The findings for FBG and perhaps FM are of particular importance, since these factors in the minds of most experts are the predominant driving forces behind the accompanying components of MS.[27] Hence, we further assessed the AP in our volunteers using figures [Figure 1a and b] to focus more on these two important parameters. To emphasize once more, FBG is an important surrogate for IR and FM accumulation, for obesity. What happens to these two vital components over most of the continuum of risks period is depicted in [Figure 1a]. Both show a similar upward positive trend. Differently, [Figure 1b] featuring the AP period reveals a decidedly downward negative trend for both elements. Notably, [Figure 1a and b] accentuate the obvious change in direction between the two temporal periods under examination for both important major components of MS. In [Figure 1c], the overall regressions after showing both the slope values derived from the continuum of risks (FM 1) and AP (FM 2) periods regarding FBG versus FM is similar despite the different direction in aging revealed between the two distinct time periods [Figure 1a and b] – there were no differences between young and old volunteers in strength of the relationships between this metabolic correlation. While the changes noted in perusing the two tables dealing with the continuum of risks period [Table 1] and the AP period [Table 2] are quite valuable; perhaps, the most interesting aspect of the data is the significant changes that did not take place. This is especially true when referring to the results concerning systolic BP and some circulating lipids. [Figures 2-5] display both the correlations for the continuum and paradox periods in the same figure.

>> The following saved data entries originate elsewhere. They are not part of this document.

(* Let $G$ and $H$ be connected graphs, each with at least $3$ vertices, let $\ell_1=\lambda_3(G)$, $\ell_2=\lambda_3(H)$, $n_2=|V(H)|$. Let $S=\{x,y,z\}$ be a set of three vertices of $G\circ H$ lying in three pairwise distinct $H$-layers. Then $G\circ H$ contains at least $\ell_2+\ell_1 n_2$ pairwise edge-disjoint $S$-trees.
   Context: For a graph $G$ and $S\subseteq V(G)$ with $|S|\ge 2$, an $S$-tree is a subgraph that is a tree containing all vertices of $S$; $\lambda(S)$ is the maximum number of pairwise edge-disjoint $S$-trees, and $\lambda_3(G)=\min\{\lambda(S): |S|=3\}$. The lexicographic product $G\circ H$ has vertex set $V(G)\times V(H)$, and $(u,v)$ is adjacent to $(u',v')$ iff either $uu'\in E(G)$, or $u=u'$ and $vv'\in E(H)$. For $u\in V(G)$, the $H$-layer $H(u)$ is the vertex set $\{(u,v): v\in V(H)\}$. *)

theory Defs
  imports Main
begin

definition graph :: "'a set \<Rightarrow> 'a set set \<Rightarrow> bool" where
  "graph V E \<longleftrightarrow> finite V \<and> (\<forall>e\<in>E. \<exists>u v. e = {u, v} \<and> u \<noteq> v \<and> u \<in> V \<and> v \<in> V)"

definition adj_rel :: "'a set set \<Rightarrow> ('a \<times> 'a) set" where
  "adj_rel E = {(u, w). {u, w} \<in> E}"

definition connected_graph :: "'a set \<Rightarrow> 'a set set \<Rightarrow> bool" where
  "connected_graph V E \<longleftrightarrow> V \<noteq> {} \<and> (\<forall>u\<in>V. \<forall>w\<in>V. (u, w) \<in> (adj_rel E)\<^sup>*)"

definition is_cycle :: "'a set set \<Rightarrow> 'a list \<Rightarrow> bool" where
  "is_cycle E cs \<longleftrightarrow> distinct cs \<and> length cs \<ge> 3 \<and>
     (\<forall>i < length cs. {cs ! i, cs ! ((i + 1) mod length cs)} \<in> E)"

definition acyclic_graph :: "'a set set \<Rightarrow> bool" where
  "acyclic_graph E \<longleftrightarrow> \<not> (\<exists>cs. is_cycle E cs)"

definition subgraph :: "'a set \<Rightarrow> 'a set set \<Rightarrow> 'a set \<Rightarrow> 'a set set \<Rightarrow> bool" where
  "subgraph V' E' V E \<longleftrightarrow> V' \<subseteq> V \<and> E' \<subseteq> E \<and> (\<forall>e\<in>E'. e \<subseteq> V')"

definition S_tree :: "'a set \<Rightarrow> 'a set set \<Rightarrow> 'a set \<Rightarrow> 'a set \<Rightarrow> 'a set set \<Rightarrow> bool" where
  "S_tree V E S V' E' \<longleftrightarrow> subgraph V' E' V E \<and> connected_graph V' E' \<and> acyclic_graph E' \<and> S \<subseteq> V'"

definition has_edge_disjoint_S_trees :: "'a set \<Rightarrow> 'a set set \<Rightarrow> 'a set \<Rightarrow> nat \<Rightarrow> bool" where
  "has_edge_disjoint_S_trees V E S k \<longleftrightarrow>
     (\<exists>T :: nat \<Rightarrow> 'a set \<times> 'a set set.
        (\<forall>i<k. S_tree V E S (fst (T i)) (snd (T i))) \<and>
        (\<forall>i<k. \<forall>j<k. i \<noteq> j \<longrightarrow> snd (T i) \<inter> snd (T j) = {}))"

definition lambda_S :: "'a set \<Rightarrow> 'a set set \<Rightarrow> 'a set \<Rightarrow> nat" where
  "lambda_S V E S = Max {k. has_edge_disjoint_S_trees V E S k}"

definition lambda3 :: "'a set \<Rightarrow> 'a set set \<Rightarrow> nat" where
  "lambda3 V E = Min {lambda_S V E S | S. S \<subseteq> V \<and> card S = 3}"

definition lex_V :: "'a set \<Rightarrow> 'b set \<Rightarrow> ('a \<times> 'b) set" where
  "lex_V VG VH = VG \<times> VH"

definition lex_E :: "'a set \<Rightarrow> 'a set set \<Rightarrow> 'b set \<Rightarrow> 'b set set \<Rightarrow> ('a \<times> 'b) set set" where
  "lex_E VG EG VH EH =
     {{(u, v), (u', v')} | u v u' v'. u \<in> VG \<and> u' \<in> VG \<and> v \<in> VH \<and> v' \<in> VH \<and>
        ({u, u'} \<in> EG \<or> (u = u' \<and> {v, v'} \<in> EH))}"

end

theory Submission
  imports Defs "HOL-Number_Theory.Cong"
begin

text \<open>Write the terminals as (a, p), (b, q), (c, r). Relabelling every H-layer by a permutation
  of V(H), we may assume that the three terminals sit at one common level p. Each of the
  \<open>\<lambda>\<^sub>3(G)\<close> edge-disjoint {a, b, c}-trees of G then gives |V(H)| subgraphs of \<open>G \<circ> H\<close>: its copy at
  level j, with spokes from level p attaching the terminals. Another \<open>\<lambda>\<^sub>3(H)\<close> subgraphs come from a
  properly 2-coloured connected subgraph R of G: in the k-th one the layer u sits at a level
  depending on k and on the colour of u, and each terminal is joined to its level by an edge of H,
  which is possible because \<open>\<lambda>\<^sub>3(H)\<close> is at most the minimum degree of H. Edges of tree copies join
  equal levels or level p, edges of the coloured copies join distinct levels other than p, so all
  these subgraphs are edge-disjoint, and each of them contains an S-tree.\<close>

section \<open>Reachability and S-trees\<close>

lemma graph_edgeD:
  assumes "graph V E" "{u, w} \<in> E"
  shows "u \<in> V" "w \<in> V" "u \<noteq> w"
proof -
  obtain u' w' where "{u, w} = {u', w'}" "u' \<noteq> w'" "u' \<in> V" "w' \<in> V"
    using assms unfolding graph_def by blast
  then show "u \<in> V" "w \<in> V" "u \<noteq> w"
    by (auto simp: doubleton_eq_iff)
qed

lemma graph_finite_edges:
  assumes "graph V E"
  shows "finite E"
proof (rule finite_subset)
  show "E \<subseteq> Pow V"
  proof
    fix e assume "e \<in> E"
    then obtain u w where "e = {u, w}" "u \<in> V" "w \<in> V"
      using assms unfolding graph_def by blast
    then show "e \<in> Pow V"
      by simp
  qed
  show "finite (Pow V)"
    using assms unfolding graph_def by simp
qed

lemma sym_adj_rel: "sym (adj_rel E)"
  by (rule symI) (simp add: adj_rel_def insert_commute)

lemma reach_sym: "(u, w) \<in> (adj_rel E)\<^sup>* \<Longrightarrow> (w, u) \<in> (adj_rel E)\<^sup>*"
  by (rule symD[OF sym_rtrancl[OF sym_adj_rel]])

lemma reach_mono: "E \<subseteq> E' \<Longrightarrow> (u, w) \<in> (adj_rel E)\<^sup>* \<Longrightarrow> (u, w) \<in> (adj_rel E')\<^sup>*"
  by (rule subsetD[OF rtrancl_mono, rotated]) (auto simp: adj_rel_def)

lemma reach_edge: "(s, u) \<in> (adj_rel E)\<^sup>* \<Longrightarrow> {u, w} \<in> E \<Longrightarrow> (s, w) \<in> (adj_rel E)\<^sup>*"
  by (simp add: adj_rel_def rtrancl_into_rtrancl)

lemma edge_at_if_reach:
  assumes "(u, w) \<in> (adj_rel E)\<^sup>*" "u \<noteq> w"
  obtains v where "{u, v} \<in> E"
  using assms by (cases rule: converse_rtranclE) (auto simp: adj_rel_def)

Figure 1:: (a) The course of FBG (black dots and red line) and FM (red dots and blue line) over the continuum of risks period (ages 25–70 years) is depicted – a steady statistically significant positive ascent in both cases. (b) The course of FBG (black dots and red line) and FM (red dots and blue line) over the aging paradox period (ages 71–91 years) – a steady statistically significant negative descent in both cases. (c) FBG versus fat mass in continuum (black dots and red line) (FM1) and aging paradox (red dots and blue line) (FM2) periods – virtually same linear correlation.
Figure 2:: Comparing the course of SBP over the continuum of risks period (black dots and red line) (ages 25–70 years) and the aging paradox period (red dots and blue line) (ages 71–91 years). See text for further descriptive details.
Figure 3:: Comparing the course of LDL-cholesterol over the continuum of risks period (black dots and red line) (ages 25– 70 years) is positive. In the aging paradox period (red dots and blue line) (ages 71–91 years), the slope has no statistical significance. A similar portrayal would appear had total and non-HDL cholesterol been chosen for illustration.
Figure 4:: (a) Comparing the course of triglycerides over the continuum of risks period (black dots and red line) (ages 25–70 years) and the aging paradox period (red dots and blue line) (ages 71–91 years). The difference is direction between the two periods that are quite apparent. (b) Circulating FBG versus triglyceride in continuum (black dots and red line) (Tri 25–70) and aging (red dots and blue line) (Tri 71-91), temporal periods. There is virtually the same linear correlation for the young and elderly volunteers suggesting that the metabolic relationship between the two components of MS remains essentially unchanged.
Figure 5:: Comparing the course of HDL-cholesterol over the continuum of risks period (black dots and red line) (ages 25–70 years) and the aging paradox period (red dots and blue line) (ages 71–91 years).

Unlike the data for FBG and FM presented in [Figure 1a and b], the course of the linear regressions during the AP period regarding systolic BP (SBP) essentially does not change or even may have increased from the continuum period [Figure 2]. Significant reversions in the two periods also did not take place for total cholesterol, non-HDL- cholesterol, and LDL-cholesterol [Table 2]. The findings for LDL-cholesterol are displayed in [Figure 3] and represent what is apparent for the other two lipid designations (total and non-HDL). Differently, lipid exceptions, that is, obvious changes between periods, did take place in triglycerides and perhaps HDL-cholesterol findings, which will be displayed separately in [Figures 4 and 5].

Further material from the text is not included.